text \<open>An edge of \<open>G\<close> crossing the new tree edge joins the two sides of the cut \<open>X\<close> in the torso.\<close>
lemma cross_size_new: "cross_size E N' TE' B' (\<psi> t) s \<le> k"
proof -
  let ?M = "torso_map N TE B t" and ?Z = "torso_V N TE B t"
  have "cross_size E N' TE' B' (\<psi> t) s
     \<le> size (filter_mset (\<lambda>e. card (?M ` e) = 2 \<and> ?M ` e \<inter> X \<noteq> {} \<and> ?M ` e \<inter> (?Z - X) \<noteq> {}) E)"
    unfolding cross_size_def comp_del_edge_new cut_edges_def
  proof (rule size_filter_mset_mono)
    fix e assume e: "e \<in># E" and "e \<inter> bag_union B' side_X \<noteq> {} \<and> e \<inter> bag_union B' side_rest \<noteq> {}"
    then obtain a b where ab: "a \<in> e" "a \<in> bag_union B' side_X" "b \<in> e" "b \<in> bag_union B' side_rest"
      by blast
    have "?M a \<in> X" "?M b \<in> ?Z - X"
      using torso_map_side_X[OF ab(2)] torso_map_side_rest[OF ab(4)] by auto
    moreover from this have "?M a \<noteq> ?M b" by auto
    moreover obtain p q where "e = {p, q}" using mgraph_edgeE[OF g e] by metis
    ultimately show "card (?M ` e) = 2 \<and> ?M ` e \<inter> X \<noteq> {} \<and> ?M ` e \<inter> (?Z - X) \<noteq> {}"
      using ab(1,3) by auto
  qed
  also have "\<dots> = cut_edges (torso_E E N TE B t) X (?Z - X)"
    unfolding cut_edges_def torso_E_def
    by (simp add: filter_filter_mset filter_mset_image_mset conj_assoc)
  finally show ?thesis using cut_X by simp
qed

lemma adhesion_split: "{a, b} \<in> TE' \<Longrightarrow> cross_size E N' TE' B' a b \<le> k"
proof (cases "{a, b} = {\<psi> t, s}")
  case True
  have "cross_size E N' TE' B' a b = cross_size E N' TE' B' (\<psi> t) s"
    using True unfolding cross_size_def cut_edges_def
    by (auto simp: doubleton_eq_iff insert_commute conj_commute)
  then show ?thesis using cross_size_new by simp
next
  case False
  assume e: "{a, b} \<in> TE'"
  then show ?thesis using cross_size_copy[OF e False] adh orig_edge[OF e False] by simp
qed

lemma high_degree_split: "\<forall>y\<in>N'. \<exists>v\<in>B' y. deg E v \<ge> k + 1"
proof
  fix y assume "y \<in> N'"
  then consider "y = s" | "y = \<psi> t" | u where "u \<in> N - {t}" "y = \<psi> u" unfolding N'_def by blast
  then show "\<exists>v\<in>B' y. deg E v \<ge> k + 1"
  proof cases
    case 1 then show ?thesis using high_rest B'_s by (auto simp: B_X_def)
  next
    case 2 then show ?thesis using high_X B'_psi_t by (auto simp: B_X_def)
  next
    case (3 u) then show ?thesis using high B'_psi by auto
  qed
qed

lemma k_tight_split: "k_tight k V E N' TE' B'"
  using tree_partition_split adhesion_split high_degree_split by (simp add: k_tight_iff[OF g])

lemma weight_split: "weight k E N' B' = weight k E N B - 1"
proof -
  let ?f = "\<lambda>y. int (s_count k E B' y) - 1" and ?g = "\<lambda>u. int (s_count k E B u) - 1"
  have "finite (B t)"
    using g tree_partition_bag_subset[OF tp tN] finite_subset unfolding mgraph_def by blast
  then have "s_count k E B' (\<psi> t) + s_count k E B' s = s_count k E B t"
    unfolding s_count_def B'_psi_t B'_s B_X_def
    by (subst card_Un_disjoint[symmetric]) (auto intro: arg_cong[where f = card])
  moreover have "sum (?f \<circ> \<psi>) (N - {t}) = sum ?g (N - {t})"
    using B'_psi by (simp add: s_count_def)
  moreover have "weight k E N' B' = ?f s + (?f (\<psi> t) + sum (?f \<circ> \<psi>) (N - {t}))"
    unfolding weight_def N'_def
    using finite_N s_fresh inj tN by (simp add: sum.reindex sum.remove)
  moreover have "weight k E N B = ?g t + sum ?g (N - {t})"
    unfolding weight_def using finite_N tN by (rule sum.remove)
  ultimately show ?thesis by simp
qed

end

theorem mainTheorem7:
  fixes V :: "'v set" and E :: "'v set multiset" and k :: nat
    and N :: "'n set" and TE :: "'n set set" and B :: "'n \<Rightarrow> 'v set"
  assumes "mgraph V E"
    and "k_tight k V E N TE B"
    and "\<exists>t\<in>N. k_splittable k E N TE B t"
  shows "\<exists>(N' :: nat set) TE' B'. k_tight k V E N' TE' B' \<and> weight k E N' B' < weight k E N B"
proof -
  obtain t where t: "t \<in> N" "k_splittable k E N TE B t" using assms(3) by blast
  then obtain X where "cut_edges (torso_E E N TE B t) X (torso_V N TE B t - X) \<le> k"
    "\<exists>v\<in>B t. Inl v \<in> X \<and> deg E v \<ge> k + 1" "\<exists>v\<in>B t. Inl v \<notin> X \<and> deg E v \<ge> k + 1"
    using k_splittable_high_degree_sides[OF assms(1,2)] by metis
  moreover have "finite N"
    using assms(2) unfolding k_tight_def tree_partition_def stree_def by blast
  then obtain \<psi> :: "'n \<Rightarrow> nat" and s where "inj_on \<psi> N" "s \<notin> \<psi> ` N"
    using finite_imp_inj_to_nat_seg ex_new_if_finite[OF infinite_UNIV_nat] by (metis finite_imageI)
  ultimately interpret node_split V E k N TE B t X \<psi> s
    using assms(1,2) t(1) by unfold_locales
  show ?thesis
    using k_tight_split weight_split by (intro exI[of _ N'] exI[of _ TE'] exI[of _ B']) simp
qed

end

What is required:
Should a line in the material contain "circ", copy it.

Completed task:
  moreover have "sum (?f \<circ> \<psi>) (N - {t}) = sum ?g (N - {t})"
  moreover have "weight k E N' B' = ?f s + (?f (\<psi> t) + sum (?f \<circ> \<psi>) (N - {t}))"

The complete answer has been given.